Critical Security and Configuration Points:

  • securityContext.privileged: true: This is non-negotiable for this use case. Loading eBPF programs requires the CAP_BPF and CAP_SYS_ADMIN capabilities. Privileged mode is the most straightforward way to grant this. This has significant security implications; the container has root access to the host node. The agent's container image must be minimal, hardened, and from a trusted source.
  • hostPID: true: Essential for the agent to see processes from all pods on the node, not just its own PID namespace.
  • Volume Mounts: We mount /sys/kernel/debug for access to tracing filesystems, /lib/modules for kernel module information, and /usr/src for kernel headers, which the BCC framework often needs for compiling the eBPF program on the fly.

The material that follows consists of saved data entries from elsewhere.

(* Let $(R,\mathfrak{m})$ be a Noetherian local ring, $M$ a finitely generated $R$-module, $S \subseteq M$ a subset, and $\mathscr{E}$ an $R$-submodule of $\mathrm{Hom}_R(M,R)$. Let $I^{\mathscr{E}}(S,M) := \{y \in \langle S \rangle \mid f(y) \in \mathfrak{m} \text{ for all } f \in \mathscr{E}\}$, an $R$-submodule of $\langle S\rangle$. Then $\delta^{\mathscr{E}}_\mathfrak{m}(S,M) = \lambda_R(\langle S\rangle / I^{\mathscr{E}}(S,M))$, where $\lambda_R$ denotes length.
   Context: $\langle S\rangle$ is the submodule generated by $S$. A free $\mathscr{E}$-summand of $M$ is a direct summand $F$ (with complement $G$) of $M$, $F \cong R^n$, such that each coordinate of the projection $M \to F \cong R^n$ along $G$ lies in $\mathscr{E}$. $\delta^{\mathscr{E}}_\mathfrak{m}(S,M)$ is the largest integer $n\ge 0$ such that there is a free $\mathscr{E}$-summand of $M$ of rank $n$ contained in $\langle S\rangle$. *)

theory Defs
  imports Main "HOL-Library.Extended_Nat"
begin

definition ring_ideal :: "'r::comm_ring_1 set \<Rightarrow> bool" where
  "ring_ideal I \<longleftrightarrow> module.subspace ((*) :: 'r \<Rightarrow> 'r \<Rightarrow> 'r) I"

definition maximal_ideal :: "'r::comm_ring_1 set \<Rightarrow> bool" where
  "maximal_ideal I \<longleftrightarrow> ring_ideal I \<and> I \<noteq> UNIV \<and>
     (\<forall>J. ring_ideal J \<and> I \<subseteq> J \<and> J \<noteq> UNIV \<longrightarrow> J = I)"

definition noetherian_ring :: "'r::comm_ring_1 itself \<Rightarrow> bool" where
  "noetherian_ring _ \<longleftrightarrow> (\<forall>I::'r set. ring_ideal I \<longrightarrow>
     (\<exists>A. finite A \<and> I = module.span ((*) :: 'r \<Rightarrow> 'r \<Rightarrow> 'r) A))"

definition noetherian_local_ring :: "'r::comm_ring_1 set \<Rightarrow> bool" where
  "noetherian_local_ring mm \<longleftrightarrow> noetherian_ring TYPE('r) \<and> maximal_ideal mm \<and>
     (\<forall>J. maximal_ideal J \<longrightarrow> J = mm)"

definition fin_gen_module :: "('r::comm_ring_1 \<Rightarrow> 'm::ab_group_add \<Rightarrow> 'm) \<Rightarrow> bool" where
  "fin_gen_module s \<longleftrightarrow> (\<exists>A. finite A \<and> module.span s A = UNIV)"

definition dual_submodule ::
  "('r::comm_ring_1 \<Rightarrow> 'm::ab_group_add \<Rightarrow> 'm) \<Rightarrow> ('m \<Rightarrow> 'r) set \<Rightarrow> bool" where
  "dual_submodule s E \<longleftrightarrow> E \<subseteq> {f. module_hom s (*) f} \<and> (\<lambda>x. 0) \<in> E \<and>
     (\<forall>f\<in>E. \<forall>g\<in>E. (\<lambda>x. f x + g x) \<in> E) \<and> (\<forall>c. \<forall>f\<in>E. (\<lambda>x. c * f x) \<in> E)"

definition proj_along :: "'m::ab_group_add set \<Rightarrow> 'm set \<Rightarrow> 'm \<Rightarrow> 'm" where
  "proj_along F G x = (THE p. p \<in> F \<and> x - p \<in> G)"

text \<open>R^n, realised as functions nat => R vanishing outside {..<n}.\<close>
definition free_mod :: "nat \<Rightarrow> (nat \<Rightarrow> 'r::comm_ring_1) set" where
  "free_mod n = {v. \<forall>i\<ge>n. v i = 0}"

definition free_E_summand ::
  "('r::comm_ring_1 \<Rightarrow> 'm::ab_group_add \<Rightarrow> 'm) \<Rightarrow> ('m \<Rightarrow> 'r) set \<Rightarrow> 'm set \<Rightarrow> nat \<Rightarrow> bool" where
  "free_E_summand s E F n \<longleftrightarrow>
     (\<exists>G (\<phi> :: 'm \<Rightarrow> nat \<Rightarrow> 'r).
        module.subspace s F \<and> module.subspace s G \<and>
        (\<forall>x. \<exists>a\<in>F. \<exists>b\<in>G. x = a + b) \<and> F \<inter> G = {0} \<and>
        (\<forall>x\<in>F. \<forall>y\<in>F. \<phi> (x + y) = (\<lambda>i. \<phi> x i + \<phi> y i)) \<and>
        (\<forall>c. \<forall>x\<in>F. \<phi> (s c x) = (\<lambda>i. c * \<phi> x i)) \<and>
        bij_betw \<phi> F (free_mod n) \<and>
        (\<forall>i<n. (\<lambda>x. \<phi> (proj_along F G x) i) \<in> E))"

definition delta_E ::
  "('r::comm_ring_1 \<Rightarrow> 'm::ab_group_add \<Rightarrow> 'm) \<Rightarrow> ('m \<Rightarrow> 'r) set \<Rightarrow> 'm set \<Rightarrow> nat" where
  "delta_E s E S = (GREATEST n. \<exists>F. free_E_summand s E F n \<and> F \<subseteq> module.span s S)"

definition I_E ::
  "('r::comm_ring_1 \<Rightarrow> 'm::ab_group_add \<Rightarrow> 'm) \<Rightarrow> 'r set \<Rightarrow> ('m \<Rightarrow> 'r) set \<Rightarrow> 'm set \<Rightarrow> 'm set" where
  "I_E s mm E S = {y \<in> module.span s S. \<forall>f\<in>E. f y \<in> mm}"

text \<open>Length of the quotient module N/I (I \<subseteq> N submodules of M): supremum of the lengths
  of strict chains of submodules I = c 0 \<subset> ... \<subset> c k = N (submodules of N/I correspond
  to submodules of M between I and N).\<close>
definition quot_length ::
  "('r::comm_ring_1 \<Rightarrow> 'm::ab_group_add \<Rightarrow> 'm) \<Rightarrow> 'm set \<Rightarrow> 'm set \<Rightarrow> enat" where
  "quot_length s N I = (SUP k \<in> {k. \<exists>c :: nat \<Rightarrow> 'm set. c 0 = I \<and> c k = N \<and>
       (\<forall>i\<le>k. module.subspace s (c i)) \<and> (\<forall>i<k. c i \<subset> c (Suc i))}. enat k)"

end

theory Submission
  imports Defs
begin

text \<open>A strict chain \<open>I = c 0 \<subset> \<dots> \<subset> c k = \<langle>S\<rangle>\<close> yields elements \<open>x i \<in> c (i+1) - c i\<close>; since
  \<open>mm\<langle>S\<rangle> \<subseteq> I\<close> and elements outside \<open>mm\<close> are units, the \<open>x i\<close> are linearly independent modulo
  \<open>I\<close> over \<open>R/mm\<close>. An element of \<open>\<langle>S\<rangle>\<close> outside \<open>I\<close> is sent to a unit by some functional in \<open>E\<close>,
  so a Gram-Schmidt style elimination turns the \<open>x i\<close> into a dual system: \<open>e j \<in> \<langle>S\<rangle>\<close> and
  \<open>f i \<in> E\<close> with \<open>f i (e j) = \<delta>\<^sub>i\<^sub>j\<close>. Such a system spans a free \<open>E\<close>-summand, complemented by the
  common kernel of the \<open>f i\<close>. Conversely, the coordinate functionals of a free \<open>E\<close>-summand of
  rank \<open>n\<close> inside \<open>\<langle>S\<rangle>\<close> separate the chain \<open>I + \<langle>e 0, \<dots>, e (i-1)\<rangle>\<close>, \<open>i \<le> n\<close>, which extends to
  a chain of length at least \<open>n\<close> ending in \<open>\<langle>S\<rangle>\<close>. Ranks of free summands are bounded by the number
  of generators of \<open>M\<close>, so the maximum defining \<open>\<delta>\<close> is attained.\<close>

lemma module_ring_self: "module ((*) :: 'r::comm_ring_1 \<Rightarrow> 'r \<Rightarrow> 'r)"
  by unfold_locales (auto simp: algebra_simps)

lemma ring_ideal_iff: "ring_ideal (I::'r::comm_ring_1 set) \<longleftrightarrow>
   0 \<in> I \<and> (\<forall>x\<in>I. \<forall>y\<in>I. x + y \<in> I) \<and> (\<forall>c. \<forall>x\<in>I. c * x \<in> I)"
  unfolding ring_ideal_def module.subspace_def[OF module_ring_self] ..

lemma ring_ideal_eq_UNIV: "ring_ideal (I::'r::comm_ring_1 set) \<Longrightarrow> 1 \<in> I \<Longrightarrow> I = UNIV"
  unfolding ring_ideal_iff by (metis UNIV_eq_I mult.right_neutral)

lemma ring_ideal_Union_chain:
  assumes "C \<in> chains {I::'r::comm_ring_1 set. ring_ideal I}" "C \<noteq> {}"
  shows "ring_ideal (\<Union>C)"
  unfolding ring_ideal_iff
proof (intro conjI ballI allI)
  have ideals: "\<And>I. I \<in> C \<Longrightarrow> ring_ideal I" using chainsD2[OF assms(1)] by blast
  then show "0 \<in> \<Union>C" using assms(2) unfolding ring_ideal_iff by blast
  fix x y assume "x \<in> \<Union>C" "y \<in> \<Union>C"
  then obtain I J where IJ: "I \<in> C" "J \<in> C" "x \<in> I" "y \<in> J" by blast
  from chainsD[OF assms(1) IJ(1,2)] obtain K where "K \<in> C" "x \<in> K" "y \<in> K"
    using IJ by blast
  then show "x + y \<in> \<Union>C" using ideals unfolding ring_ideal_iff by blast
next
  fix c x assume "x \<in> \<Union>C"
  then show "c * x \<in> \<Union>C" using chainsD2[OF assms(1)] unfolding ring_ideal_iff by blast
qed

lemma exists_maximal_ideal_superset:
  assumes "ring_ideal (J::'r::comm_ring_1 set)" "1 \<notin> J"
  shows "\<exists>M. maximal_ideal M \<and> J \<subseteq> M"
proof -
  define A where "A = {I. ring_ideal I \<and> J \<subseteq> I \<and> (1::'r) \<notin> I}"
  have "\<forall>C\<in>chains A. \<exists>U\<in>A. \<forall>I\<in>C. I \<subseteq> U"
  proof
    fix C assume C: "C \<in> chains A"
    show "\<exists>U\<in>A. \<forall>I\<in>C. I \<subseteq> U"
    proof (cases "C = {}")
      case True
      then show ?thesis using assms unfolding A_def by auto
    next
      case False
      have "C \<in> chains {I. ring_ideal I}" using C unfolding chains_def A_def by auto
      then have "ring_ideal (\<Union>C)" using False by (rule ring_ideal_Union_chain)
      then show ?thesis using C False chainsD2[OF C] unfolding A_def by blast
    qed
  qed
  from Zorn_Lemma2[OF this] obtain M where M: "M \<in> A" "\<forall>I\<in>A. M \<subseteq> I \<longrightarrow> I = M"
    by blast
  have "maximal_ideal M" unfolding maximal_ideal_def
  proof (intro conjI allI impI)
    show "ring_ideal M" "M \<noteq> UNIV" using M(1) unfolding A_def by auto
    fix I assume I: "ring_ideal I \<and> M \<subseteq> I \<and> I \<noteq> UNIV"
    then have "1 \<notin> I" using ring_ideal_eq_UNIV by blast
    then have "I \<in> A" using I M(1) unfolding A_def by blast
    then show "I = M" using I M(2) by blast
  qed
  then show ?thesis using M(1) unfolding A_def by blast
qed

locale local_ring =
  fixes mm :: "'r::comm_ring_1 set"
  assumes maximal_mm: "maximal_ideal mm"
    and maximal_ideal_unique: "maximal_ideal J \<Longrightarrow> J = mm"
begin

lemma ring_ideal_mm: "ring_ideal mm"
  using maximal_mm unfolding maximal_ideal_def by blast

lemma zero_in_mm: "0 \<in> mm"
  and add_in_mm: "x \<in> mm \<Longrightarrow> y \<in> mm \<Longrightarrow> x + y \<in> mm"
  and mult_in_mm: "x \<in> mm \<Longrightarrow> c * x \<in> mm"
  using ring_ideal_mm unfolding ring_ideal_iff by blast+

  • Advanced Pattern: In-Kernel Aggregation and Filtering

    The execve monitor is powerful, but a noisy system can generate thousands of events per second, overwhelming the perf buffer and the user-space agent. A more advanced pattern is to perform filtering and aggregation directly in the kernel using eBPF maps.

    Let's evolve our use case to detect anomalous outbound network connections. A compromised pod might try to connect to a known command-and-control (C2) server. Sending every single connect() event to user space for analysis is inefficient.

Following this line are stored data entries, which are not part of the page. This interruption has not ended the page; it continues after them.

(* Let $\sigma$ be an erasing $k$-block substitution with $w_\epsilon\ne1^k$ that satisfies the optimality condition. Then for every $x\in\mathbb I$ the fiber $f_\sigma^{-1}(x)$ is uncountable.
   Context: Notation: $\mathbb I=[0,1]$. $\{0,1\}^*$ and $\{0,1\}^\omega$ denote finite and infinite binary words, and $\epsilon$ is the empty word. For a word $w$, set $0.w=\sum_iw_i2^{-i}$. For $x\in(0,1]$, $\widetilde x$ is the unique infinite binary expansion of $x$ not ending in $0^\infty$. Fix $k\ge2$. An erasing $k$-block substitution is a map $\sigma:\{0,1\}^k\to\{0,1\}^*$ with exactly one block $w_\epsilon$ such that $\sigma(w_\epsilon)=\epsilon$. It acts blockwise on infinite words, concatenating the images of consecutive $k$-blocks. The map $f_\sigma:\mathbb I\to\mathbb I$ is defined by $f_\sigma(x)=0.\sigma(\widetilde x)$ if $x\in(0,1]$ and $\widetilde x\neq w_\epsilon^\infty$, and $f_\sigma(x)=0$ otherwise. Optimality condition: every $w\in\{0,1\}^\omega$ can be written as $w=\prod_{i\ge1}\sigma(b_i)$ with blocks $b_i\in\{0,1\}^k$ satisfying $\sigma(b_i)\ne\epsilon$. *)

theory Defs
  imports Complex_Main "HOL-Library.Countable_Set"
begin

text \<open>Finite binary words are \<open>bool list\<close> (True = 1, False = 0);
infinite binary words are \<open>nat \<Rightarrow> bool\<close>, letter i of the paper is position i-1 here.\<close>

definition bval :: "(nat \<Rightarrow> bool) \<Rightarrow> real" where
  "bval u = (\<Sum>n. (if u n then 1 else 0) / 2 ^ Suc n)"

definition binexp :: "real \<Rightarrow> (nat \<Rightarrow> bool)" where
  "binexp x = (THE u. (\<forall>n. \<exists>m\<ge>n. u m) \<and> bval u = x)"

text \<open>Concatenation of a sequence of finite words. If the concatenation is a finite
word, it is padded with zeros (which does not change its binary value 0.w).\<close>
definition concat_word :: "(nat \<Rightarrow> bool list) \<Rightarrow> (nat \<Rightarrow> bool)" where
  "concat_word ws n =
     (if \<exists>m. n < length (concat (map ws [0..<m]))
      then concat (map ws [0..<(LEAST m. n < length (concat (map ws [0..<m])))]) ! n
      else False)"

definition block :: "nat \<Rightarrow> (nat \<Rightarrow> bool) \<Rightarrow> nat \<Rightarrow> bool list" where
  "block k u i = map (\<lambda>j. u (k * i + j)) [0..<k]"

definition subst_inf :: "nat \<Rightarrow> (bool list \<Rightarrow> bool list) \<Rightarrow> (nat \<Rightarrow> bool) \<Rightarrow> (nat \<Rightarrow> bool)" where
  "subst_inf k \<sigma> u = concat_word (\<lambda>i. \<sigma> (block k u i))"

text \<open>sigma (only its values on words of length k matter) is an erasing k-block substitution.\<close>
definition erasing_block_subst :: "nat \<Rightarrow> (bool list \<Rightarrow> bool list) \<Rightarrow> bool" where
  "erasing_block_subst k \<sigma> \<longleftrightarrow> k \<ge> 2 \<and> (\<exists>!w. length w = k \<and> \<sigma> w = [])"

definition w_eps :: "nat \<Rightarrow> (bool list \<Rightarrow> bool list) \<Rightarrow> bool list" where
  "w_eps k \<sigma> = (THE w. length w = k \<and> \<sigma> w = [])"

definition f_sigma :: "nat \<Rightarrow> (bool list \<Rightarrow> bool list) \<Rightarrow> real \<Rightarrow> real" where
  "f_sigma k \<sigma> x =
     (if 0 < x \<and> x \<le> 1 \<and> binexp x \<noteq> (\<lambda>n. w_eps k \<sigma> ! (n mod k))
      then bval (subst_inf k \<sigma> (binexp x)) else 0)"

definition optimal :: "nat \<Rightarrow> (bool list \<Rightarrow> bool list) \<Rightarrow> bool" where
  "optimal k \<sigma> \<longleftrightarrow>
     (\<forall>w :: nat \<Rightarrow> bool. \<exists>b :: nat \<Rightarrow> bool list.
        (\<forall>i. length (b i) = k \<and> \<sigma> (b i) \<noteq> []) \<and> w = concat_word (\<lambda>i. \<sigma> (b i)))"

end

theory Submission
  imports Defs
begin

text \<open>Fix \<open>x\<close>, a binary expansion \<open>w\<close> of \<open>x\<close>, and by optimality a factorisation
  \<open>w = \<sigma>(b\<^sub>0) \<sigma>(b\<^sub>1) \<dots>\<close> into non-erased blocks. For every \<open>c \<in> {0,1}\<^sup>\<omega>\<close> insert the erased
  block \<open>w\<^sub>\<epsilon>\<close> after or before each \<open>b\<^sub>j\<close>, according to \<open>c\<^sub>j\<close>. The resulting words all map to
  \<open>w\<close> under \<open>\<sigma>\<close> and are pairwise distinct. Each of them contains infinitely many ones (of the
  two distinct blocks \<open>b\<^sub>j\<close>, \<open>w\<^sub>\<epsilon>\<close> one contains a one), so it is the expansion \<open>binexp\<close> selects
  for its value, and it is not \<open>w\<^sub>\<epsilon>\<^sup>\<omega>\<close>. Hence \<open>c\<close> maps injectively into the fibre over \<open>x\<close>.\<close>

lemma uncountable_UNIV_nat_bool: "uncountable (UNIV :: (nat \<Rightarrow> bool) set)"
proof
  assume "countable (UNIV :: (nat \<Rightarrow> bool) set)"
  then obtain n where "from_nat_into UNIV n = (\<lambda>m. \<not> from_nat_into UNIV m m)"
    using from_nat_into_surj[of "UNIV :: (nat \<Rightarrow> bool) set" "\<lambda>m. \<not> from_nat_into UNIV m m"]
    by blast
  then have "from_nat_into UNIV n n = (\<not> from_nat_into UNIV n n)" by (rule fun_cong)
  then show False by simp
qed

    Instead, we can maintain a blocklist of IP addresses in an eBPF map. The kernel-space program checks against this map and only sends an event to user space if a forbidden connection is attempted.

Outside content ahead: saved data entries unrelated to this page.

(* Let $w\ge 0$ and let $\mathcal{B}$ be a class of graphs such that $\operatorname{tw}(L(B))\le w$ for every $B\in\mathcal{B}$. Let $\mathcal{C}$ be the class of graphs obtained from graphs in $\mathcal{B}$ by successively applying the bridge operation, i.e., the smallest class containing $\mathcal{B}$ such that whenever $G_1,G_2\in\mathcal{C}$ (taken vertex-disjoint) and $v_1\in V(G_1)$, $v_2\in V(G_2)$ have neighborhoods $N(v_1)=\{x_1,y_1,z_1\}$, $N(v_2)=\{x_2,y_2,z_2\}$, the graph $(G_1-v_1)\cup(G_2-v_2)+x_1x_2+y_1y_2+z_1z_2$ belongs to $\mathcal{C}$. Then every $G\in\mathcal{C}$ satisfies $\operatorname{tw}(G)\le 2w+1$.
   Context: $\operatorname{tw}(H)$ denotes the treewidth of a graph $H$. The line graph $L(F)$ of a graph $F$ is the graph with vertex set $E(F)$ in which two vertices are adjacent exactly when the corresponding edges share an endvertex in $F$. *)

theory Defs
  imports Main
begin

type_synonym 'a graph = "'a set \<times> 'a set set"

definition verts :: "'a graph \<Rightarrow> 'a set" where "verts G = fst G"
definition edges :: "'a graph \<Rightarrow> 'a set set" where "edges G = snd G"

definition graph :: "'a graph \<Rightarrow> bool" where
  "graph G \<longleftrightarrow> finite (verts G) \<and>
     (\<forall>e\<in>edges G. \<exists>x y. x \<noteq> y \<and> x \<in> verts G \<and> y \<in> verts G \<and> e = {x, y})"

definition nbhd :: "'a graph \<Rightarrow> 'a \<Rightarrow> 'a set" where
  "nbhd G v = {u. {u, v} \<in> edges G}"

definition line_graph :: "'a graph \<Rightarrow> 'a set graph" where
  "line_graph F = (edges F, {{e, f} | e f. e \<in> edges F \<and> f \<in> edges F \<and> e \<noteq> f \<and> e \<inter> f \<noteq> {}})"

definition connected_in :: "'a graph \<Rightarrow> 'a set \<Rightarrow> bool" where
  "connected_in G S \<longleftrightarrow>
     (\<forall>s\<in>S. \<forall>t\<in>S. (\<lambda>a b. a \<in> S \<and> b \<in> S \<and> {a, b} \<in> edges G)\<^sup>*\<^sup>* s t)"

definition tree :: "'b graph \<Rightarrow> bool" where
  "tree T \<longleftrightarrow> graph T \<and> verts T \<noteq> {} \<and> connected_in T (verts T) \<and>
     card (edges T) = card (verts T) - 1"

definition tree_decomposition :: "'a graph \<Rightarrow> nat graph \<Rightarrow> (nat \<Rightarrow> 'a set) \<Rightarrow> bool" where
  "tree_decomposition G T bag \<longleftrightarrow> tree T \<and>
     (\<forall>t\<in>verts T. bag t \<subseteq> verts G) \<and>
     (\<forall>v\<in>verts G. \<exists>t\<in>verts T. v \<in> bag t) \<and>
     (\<forall>e\<in>edges G. \<exists>t\<in>verts T. e \<subseteq> bag t) \<and>
     (\<forall>v\<in>verts G. connected_in T {t\<in>verts T. v \<in> bag t})"

text \<open>Treewidth: least k such that G has a tree decomposition with all bags of size at most k+1
  (the empty graph gets treewidth 0 instead of -1).\<close>
definition treewidth :: "'a graph \<Rightarrow> nat" where
  "treewidth G = (LEAST k. \<exists>T bag. tree_decomposition G T bag \<and>
                                   (\<forall>t\<in>verts T. card (bag t) \<le> k + 1))"

definition graph_iso :: "'a graph \<Rightarrow> 'a graph \<Rightarrow> bool" where
  "graph_iso G H \<longleftrightarrow> (\<exists>f. bij_betw f (verts G) (verts H) \<and> edges H = (\<lambda>e. f ` e) ` edges G)"

definition bridge :: "'a graph \<Rightarrow> 'a \<Rightarrow> 'a graph \<Rightarrow> 'a \<Rightarrow> 'a \<Rightarrow> 'a \<Rightarrow> 'a \<Rightarrow> 'a \<Rightarrow> 'a \<Rightarrow> 'a \<Rightarrow> 'a graph" where
  "bridge G1 v1 G2 v2 x1 y1 z1 x2 y2 z2 =
     ((verts G1 - {v1}) \<union> (verts G2 - {v2}),
      {e \<in> edges G1. v1 \<notin> e} \<union> {e \<in> edges G2. v2 \<notin> e} \<union> {{x1, x2}, {y1, y2}, {z1, z2}})"

text \<open>Closure of a class B under the bridge operation (and under isomorphism, since a
  class of graphs is isomorphism-closed and the operands must be taken vertex-disjoint).\<close>
inductive_set bridge_closure :: "'a graph set \<Rightarrow> 'a graph set" for B :: "'a graph set" where
  base: "G \<in> B \<Longrightarrow> G \<in> bridge_closure B"
| iso: "G \<in> bridge_closure B \<Longrightarrow> graph_iso G H \<Longrightarrow> H \<in> bridge_closure B"
| bridge: "G1 \<in> bridge_closure B \<Longrightarrow> G2 \<in> bridge_closure B \<Longrightarrow>
     verts G1 \<inter> verts G2 = {} \<Longrightarrow> v1 \<in> verts G1 \<Longrightarrow> v2 \<in> verts G2 \<Longrightarrow>
     nbhd G1 v1 = {x1, y1, z1} \<Longrightarrow> card {x1, y1, z1} = 3 \<Longrightarrow>
     nbhd G2 v2 = {x2, y2, z2} \<Longrightarrow> card {x2, y2, z2} = 3 \<Longrightarrow>
     bridge G1 v1 G2 v2 x1 y1 z1 x2 y2 z2 \<in> bridge_closure B"

end

theory Submission
  imports Defs
begin

text \<open>Replacing every edge in a bag of a tree decomposition of the line graph L(G) by its two
ends gives a tree decomposition of G (up to isolated vertices) with at most twice as many
vertices per bag, so tw(G) \<le> 2 tw(L(G)) + 1, and it suffices to show tw(L(G)) \<le> w on the
whole closure. Rename the edges v1 u of G1 and v2 u of G2 after the new edges x1 x2, y1 y2,
z1 z2 of the bridge. Then the line graph of the bridge is a spanning subgraph of the union of
the renamed L(G1) and L(G2), which share exactly the triangle formed by the three new edges.
By the Helly property of subtrees of a tree, each of the two decompositions has a bag
containing this triangle, and joining the two trees by an edge between these bags yields a
decomposition of the union without larger bags.\<close>

section \<open>Graphs\<close>

lemma verts_pair [simp]: "verts (V, E) = V"
  by (simp add: verts_def)

lemma edges_pair [simp]: "edges (V, E) = E"
  by (simp add: edges_def)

    eBPF Program with Map-based Filtering

    c
    // BPF C code (connect_monitor.c)
    #include <uapi/linux/ptrace.h>
    #include <net/sock.h>
    #include <bcc/proto.h>
    
    // A hash map to store the blocked destination IPs (key: u32 IP, value: u8 flag)
    BPF_HASH(blocked_ips, u32, u8);
    
    struct event_t {
        u32 pid;
        u32 saddr;
        u32 daddr;
        u16 dport;
        char comm[TASK_COMM_LEN];
    };
    
    BPF_PERF_OUTPUT(events);
    
    int kprobe__tcp_v4_connect(struct pt_regs *ctx, struct sock *sk) {
        u32 pid = bpf_get_current_pid_tgid() >> 32;
    
        // Details from the sock struct
        u32 daddr = BPF_CORE_READ(sk, __sk_common.skc_daddr);
        u16 dport = BPF_CORE_READ(sk, __sk_common.skc_dport);
    
        // Check if the destination IP is in our blocklist map
        u8 *is_blocked = blocked_ips.lookup(&daddr);
        if (is_blocked == NULL) {
            return 0; // Not a blocked IP, do nothing
        }
    
        // If it IS a blocked IP, send an event
        struct event_t event = {};
        event.pid = pid;
        event.saddr = BPF_CORE_READ(sk, __sk_common.skc_rcv_saddr);
        event.daddr = daddr;
        event.dport = ntohs(dport); // Convert from network to host byte order
        bpf_get_current_comm(&event.comm, sizeof(event.comm));
    
        events.perf_submit(ctx, &event, sizeof(event));
    
        return 0;
    }

    Key Implementation Details:

    * BPF_HASH(blocked_ips, u32, u8): Defines a hash map in the kernel. The user-space agent will populate this map.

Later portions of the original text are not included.